New Zealand Tamils protest Queen dining with genocidal Rajapaksa
[TamilNet, Wednesday, 06 June 2012, 10:24 GMT] Braving biting winter and incessant rains, Eezham Tamils in New Zealand staged a demonstration on Tuesday in the capital Wellington and in the commercial capital Auckland, protesting the diamond jubilee celebrating Queen Elizabeth II dining with Mahinda Rajapaksa, the genocidal President of Sri Lanka. Synchronized with protests in London, the demonstration on the other side of the former British Empire where the Sun was never setting gained significance, as the Queen of England is also still the Head of State and Queen of New Zealand. Speaking at the demonstration, Queen’s Service Medallist in New Zealand, Mr. A Thevarajan pointed out how the colonial British administration, which for the first time introduced unitary state formation in Ceylon, ignored historical sovereignty of Tamils and denied even federalism due to its sluggishness.
When the media asked why the protest, Mr. Ashok of Tamil Youth Organization (TYO), leading the demonstration said that apart from being Eezham Tamils, as New Zealanders and members of the Commonwealth they were angered by the diamond jubilee event allowing a war criminal to sit and dine with the great and beloved Queen.
Drenched and dripping in the heavy rains the Tamil youth stood demonstrating for two hours near Potters Park, a major cross junction in Auckland on Tuesday evening when people were getting back home after work. Despite the rains the demonstration made many of them to pause for a while and encourage the protestors.

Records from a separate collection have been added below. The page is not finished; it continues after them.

lemma density_allowed_residues: "density = dead_factor b S"
proof
  fix p
  show "density p = dead_factor b S p"
  proof (cases "prime p")
    case True
    define E where "E = {n \<in> {..<p^2}. p^2 dvd n \<or> (\<exists>d\<in>S. p^2 dvd b * n + d)}"
    have "allowed_residues b S p = {..<p^2} - E"
      unfolding allowed_residues_def E_def by auto
    moreover have "E \<subseteq> {..<p^2}"
      unfolding E_def by auto
    ultimately have "card (allowed_residues b S p) = p^2 - nu p b S"
      unfolding nu_def E_def[symmetric] by (simp add: card_Diff_subset finite_subset)
    moreover have "nu p b S \<le> card {..<p^2}"
      unfolding nu_def by (rule card_mono) auto
    moreover have "0 < real p ^ 2"
      using True prime_gt_0_nat by simp
    ultimately show ?thesis
      using True by (simp add: density_def dead_factor_def of_nat_diff field_simps)
  qed (simp add: density_def dead_factor_def)
qed

lemma sifted_allowed_residues_iff:
  assumes "1 \<le> N"
  shows "sifted N \<longleftrightarrow> squarefree N \<and> (\<forall>d\<in>S. squarefree (b * N + d))"
proof -
  have nonzero: "N \<noteq> 0" "b * N + d \<noteq> 0" for d
    using assms b by auto
  have "sifted N \<longleftrightarrow> (\<forall>p. prime p \<longrightarrow> \<not> p^2 dvd N \<and> (\<forall>d\<in>S. \<not> p^2 dvd b * N + d))"
    unfolding sifted_def allowed_residues_def using prime_gt_0_nat
    by (auto simp: dvd_mult_mod_add_iff dvd_mod_iff)
  also have "\<dots> \<longleftrightarrow> squarefree N \<and> (\<forall>d\<in>S. squarefree (b * N + d))"
    using nonzero by (auto simp: squarefree_factorial_semiring)
  finally show ?thesis .
qed

lemma squarefree_count_asymptotic:
  shows "convergent_prod (dead_factor b S)"
    and "\<exists>C. \<forall>X. 3 \<le> X \<longrightarrow>
      \<bar>real (squarefree_count b S X) - prodinf (dead_factor b S) * X\<bar> \<le> C * (X / sqrt (ln X))"
proof -
  have "sifted_count X = squarefree_count b S X" for X
    unfolding sifted_count_def squarefree_count_def
    by (rule arg_cong[where f = card]) (auto simp: sifted_allowed_residues_iff)
  then show "convergent_prod (dead_factor b S)"
    and "\<exists>C. \<forall>X. 3 \<le> X \<longrightarrow>
      \<bar>real (squarefree_count b S X) - prodinf (dead_factor b S) * X\<bar> \<le> C * (X / sqrt (ln X))"
    using convergent_prod_density sifted_count_asymptotic
    by (simp_all add: density_allowed_residues)
qed

end

lemma prod_one_minus_eq_sum_Pow:
  fixes a :: "'a \<Rightarrow> 'b::comm_ring_1"
  assumes "finite A"
  shows "(\<Prod>d\<in>A. 1 - a d) = (\<Sum>S\<in>Pow A. (-1) ^ card S * (\<Prod>d\<in>S. a d))"
proof -
  have "(\<Prod>d\<in>A. 1 - a d) = (\<Prod>d\<in>A. - a d + 1)"
    by simp
  also have "\<dots> = (\<Sum>S\<in>Pow A. (\<Prod>d\<in>S. - a d) * (\<Prod>d\<in>A - S. 1))"
    using assms by (rule prod_add)
  also have "\<dots> = (\<Sum>S\<in>Pow A. (-1) ^ card S * (\<Prod>d\<in>S. a d))"
  proof (rule sum.cong[OF refl])
    fix S
    show "(\<Prod>d\<in>S. - a d) * (\<Prod>d\<in>A - S. 1) = (-1) ^ card S * (\<Prod>d\<in>S. a d)"
      using prod.distrib[of "\<lambda>_. -1" a S] by simp
  qed
  finally show ?thesis .
qed

lemma prod_of_bool:
  assumes "finite A"
  shows "(\<Prod>x\<in>A. of_bool (P x) :: 'a::comm_semiring_1) = of_bool (\<forall>x\<in>A. P x)"
  using assms by (induction A rule: finite_induct) auto

lemma of_bool_dead_end_eq:
  "(of_bool (dead_end b N) :: real)
     = (\<Sum>S\<in>Pow {..<b}. (-1) ^ card S * of_bool (squarefree N \<and> (\<forall>d\<in>S. squarefree (b * N + d))))"
proof -
  have "(of_bool (dead_end b N) :: real)
      = of_bool (squarefree N) * (\<Prod>d<b. of_bool (\<not> squarefree (b * N + d)))"
    by (simp add: dead_end_def prod_of_bool of_bool_conj Ball_def lessThan_iff)
  also have "\<dots> = (\<Sum>S\<in>Pow {..<b}.
      (-1) ^ card S * (of_bool (squarefree N) * (\<Prod>d\<in>S. of_bool (squarefree (b * N + d)))))"
    by (simp add: of_bool_not_iff prod_one_minus_eq_sum_Pow sum_distrib_left mult.left_commute)
  also have "\<dots> = (\<Sum>S\<in>Pow {..<b}.
      (-1) ^ card S * of_bool (squarefree N \<and> (\<forall>d\<in>S. squarefree (b * N + d))))"
  proof (rule sum.cong[OF refl])
    fix S
    assume "S \<in> Pow {..<b}"
    then have "finite S"
      by (auto intro: finite_subset)
    then show "(-1) ^ card S * (of_bool (squarefree N) * (\<Prod>d\<in>S. of_bool (squarefree (b * N + d))))
        = (-1) ^ card S * (of_bool (squarefree N \<and> (\<forall>d\<in>S. squarefree (b * N + d))) :: real)"
      by (simp add: prod_of_bool of_bool_conj)
  qed
  finally show ?thesis .
qed

lemma D_count_eq_alternating_sum:
  "real (D_count b X) = (\<Sum>S\<in>Pow {..<b}. (-1) ^ card S * real (squarefree_count b S X))"
proof -
  define A where "A = {N. 1 \<le> N \<and> real N \<le> X}"
  have "A \<subseteq> {..nat \<lfloor>X\<rfloor>}"
    unfolding A_def by (auto intro: le_nat_floor)
  then have finite_A: "finite A"
    by (rule finite_subset) simp
  have card_eq_sum: "real (card {N. 1 \<le> N \<and> real N \<le> X \<and> P N}) = (\<Sum>N\<in>A. of_bool (P N))" for P
  proof -
    have "{N. 1 \<le> N \<and> real N \<le> X \<and> P N} = A \<inter> {N. P N}"
      unfolding A_def by auto
    then show ?thesis
      using finite_A by simp
  qed
  have "real (D_count b X) = (\<Sum>N\<in>A. of_bool (dead_end b N))"
    unfolding D_count_def by (rule card_eq_sum)
  also have "\<dots> = (\<Sum>S\<in>Pow {..<b}.
      (-1) ^ card S * (\<Sum>N\<in>A. of_bool (squarefree N \<and> (\<forall>d\<in>S. squarefree (b * N + d)))))"
    unfolding of_bool_dead_end_eq by (subst sum.swap) (simp add: sum_distrib_left)
  also have "\<dots> = (\<Sum>S\<in>Pow {..<b}. (-1) ^ card S * real (squarefree_count b S X))"
    unfolding squarefree_count_def card_eq_sum ..
  finally show ?thesis .
qed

Speaking at the event when the rains ceased for a while, Mr. Thevarajan citing the first ever unitary arrangement for Ceylon that came through the Colbrooke-Cameron reform of 1833 unifying territories of the Eezham Tamils, Kandyan Sinhalese and coastal Sinhalese in the island, said the basic clause in the arrangement, i.e., one people not denying the right of the other, passed into all the subsequent colonial reforms as a Royal Instruction.
But included as Section 29 of the Soulbury constitution, the original concept became totally effect-less in practice and even the Privy Council could not do anything on the Sinhala Only Act. The moves initiated during the British rule for a federal set-up were shelved due to sluggishness of the British governors, Thevarajan said, pointing to the responsibility of the British and the international community.

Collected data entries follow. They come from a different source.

lemma square_integrable_pressure:
  assumes "1 \<le> n" "0 \<le> h1"
  shows "square_integrable law (\<lambda>\<omega>. pressure n (fst \<omega>) (snd \<omega>) h0 h1)"
proof (rule square_integrable_dominated[OF _ measurable_pressure])
  show "square_integrable law (\<lambda>\<omega>. ln 2 + inverse (real n) * hamiltonian_bound n (fst \<omega>) (snd \<omega>) h0 h1)"
    using prob_space_law
    by (intro square_integrable_add square_integrable_const square_integrable_cmult
        square_integrable_hamiltonian_bound) (simp add: prob_space_def)
qed (use abs_pressure_le[OF assms] in \<open>simp add: field_simps\<close>)

end

lemma fluctuation_bound_at_cube_root_scale:
  fixes n :: nat and CP :: real
  assumes "1 \<le> n" "0 < CP"
  shows "16 * (CP / real n) / (2 / real n powr (1/3))\<^sup>2 + 16 * (2 / real n powr (1/3))
    \<le> (5 * CP + 40) / real n powr (1/3)"
proof -
  define t where "t = real n powr (1/3)"
  have t: "0 < t" using assms by (simp add: t_def)
  have "real n = t ^ 3"
    using assms by (simp add: t_def powr_realpow[symmetric] powr_powr)
  hence "16 * (CP / real n) / (2 / t)\<^sup>2 + 16 * (2 / t) = (4 * CP + 32) / t"
    using t by (simp add: field_simps power2_eq_square power3_eq_cube)
  also have "\<dots> \<le> (5 * CP + 40) / t"
    using t assms by (intro divide_right_mono) auto
  finally show ?thesis unfolding t_def .
qed

theorem lemma3p2:
  fixes \<theta> h1 \<alpha> hlo hhi C CP :: real
    and \<mu> :: "nat \<Rightarrow> nat set \<Rightarrow> real measure"
  assumes theta: "1/2 < \<theta>" "\<theta> \<le> 7/8"
    and h1: "0 \<le> h1" "h1 \<le> 1"
    and alpha: "0 \<le> \<alpha>" "\<alpha> \<le> 1"
    and hint: "0 < hlo" "hlo \<le> hhi" "hhi < 1"
    and mu_prob: "\<And>n X. X \<in> Pow {1..n} \<Longrightarrow> prob_space (\<mu> n X)"
    and mu_sets: "\<And>n X. X \<in> Pow {1..n} \<Longrightarrow> sets (\<mu> n X) = sets borel"
    and mu_nonneg: "\<And>n X. X \<in> Pow {1..n} \<Longrightarrow> AE x in \<mu> n X. 0 \<le> x"
    and mu_L2: "\<And>n X. X \<in> Pow {1..n} \<Longrightarrow> integrable (\<mu> n X) (\<lambda>x. x\<^sup>2)"
    and var_bound: "\<And>n. (\<Sum>X\<in>Pow {1..n}. law_var (\<mu> n X)) \<le> C * real n"
    and CP_pos: "0 < CP"
    and conc: "\<And>n h0 h1' \<alpha>'. 0 < h0 \<Longrightarrow> h0 < 1 \<Longrightarrow> 0 \<le> h1' \<Longrightarrow> h1' \<le> 1
        \<Longrightarrow> 0 \<le> \<alpha>' \<Longrightarrow> \<alpha>' \<le> 1 \<Longrightarrow>
        (\<integral>\<omega>. (pressure n (fst \<omega>) (snd \<omega>) h0 h1'
               - (\<integral>\<omega>'. pressure n (fst \<omega>') (snd \<omega>') h0 h1' \<partial>disorder_law \<mu> \<theta> n \<alpha>'))\<^sup>2
           \<partial>disorder_law \<mu> \<theta> n \<alpha>') \<le> CP / real n"
  shows "\<forall>\<^sub>F n in sequentially.
    integral {hlo..hhi} (\<lambda>h0.
      (\<integral>\<omega>. (gibbs n (fst \<omega>) (snd \<omega>) h0 h1 (Q1 n)
             - (\<integral>\<omega>'. gibbs n (fst \<omega>') (snd \<omega>') h0 h1 (Q1 n) \<partial>disorder_law \<mu> \<theta> n \<alpha>))\<^sup>2
         \<partial>disorder_law \<mu> \<theta> n \<alpha>))
    \<le> (5 * CP + 40) / real n powr (1/3)"
proof -
  define d where "d n = 2 / real n powr (1/3)" for n :: nat
  have "(d \<longlongrightarrow> 0) sequentially" unfolding d_def by real_asymp
  hence "\<forall>\<^sub>F n in sequentially. d n < min hlo (1 - hhi)"
    using hint by (intro order_tendstoD(2)) auto
  moreover have "\<forall>\<^sub>F n in sequentially. 1 \<le> n" by (rule eventually_ge_at_top)
  ultimately show ?thesis
  proof eventually_elim
    case (elim n)
    hence n: "1 \<le> n" and d: "0 < d n" "d n < hlo" "d n < 1 - hhi" by (auto simp: d_def)
    interpret D: disorder_space "\<mu> n" n "\<alpha> * real n powr (\<theta> - 1)"
      by (intro disorder_space.intro mu_prob mu_sets mu_L2)
    have law: "disorder_law \<mu> \<theta> n \<alpha> = D.law" by (simp add: disorder_law_def)
    interpret F: subgradient_family D.law "\<lambda>h \<omega>. pressure n (fst \<omega>) (snd \<omega>) h h1"
        "\<lambda>h \<omega>. gibbs n (fst \<omega>) (snd \<omega>) h h1 (Q1 n)"
      using D.prob_space_law D.square_integrable_pressure[OF n h1(1)] D.measurable_gibbs
        abs_gibbs_le[OF abs_Q1_le] pressure_tangent[OF n]
      by (intro subgradient_family.intro subgradient_family_axioms.intro) auto
    have variance_pressure: "F.variance (\<lambda>\<omega>. pressure n (fst \<omega>) (snd \<omega>) h h1) \<le> CP / real n"
      if "h \<in> {hlo - d n..hhi + d n}" for h
      using conc[of h h1 \<alpha> n] that hint d h1 alpha unfolding law by auto
    have "integral {hlo..hhi} (\<lambda>h. F.variance (\<lambda>\<omega>. gibbs n (fst \<omega>) (snd \<omega>) h h1 (Q1 n)))
        \<le> 16 * (CP / real n) / (d n)\<^sup>2 + 16 * d n"
      using hint d CP_pos variance_pressure by (intro F.integral_variance_G_le) auto
    also have "\<dots> \<le> (5 * CP + 40) / real n powr (1/3)"
      unfolding d_def by (rule fluctuation_bound_at_cube_root_scale[OF n CP_pos])
    finally show ?case unfolding law .
  qed
qed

In the current militarised situation in the island, in which the military is exclusively Sinhalese and orientated with a genocidal mind-set, even a federal solution would not work now. The international community and India should not continue the fundamental mistake of British colonialism. Sections of Eezham Tamil leadership should stop giving ideas to the international community or vice versa about experimenting with federal solution or about promoting ‘Sri Lankan Tamil’ identity, Eezham Tamil political activists in the island commented.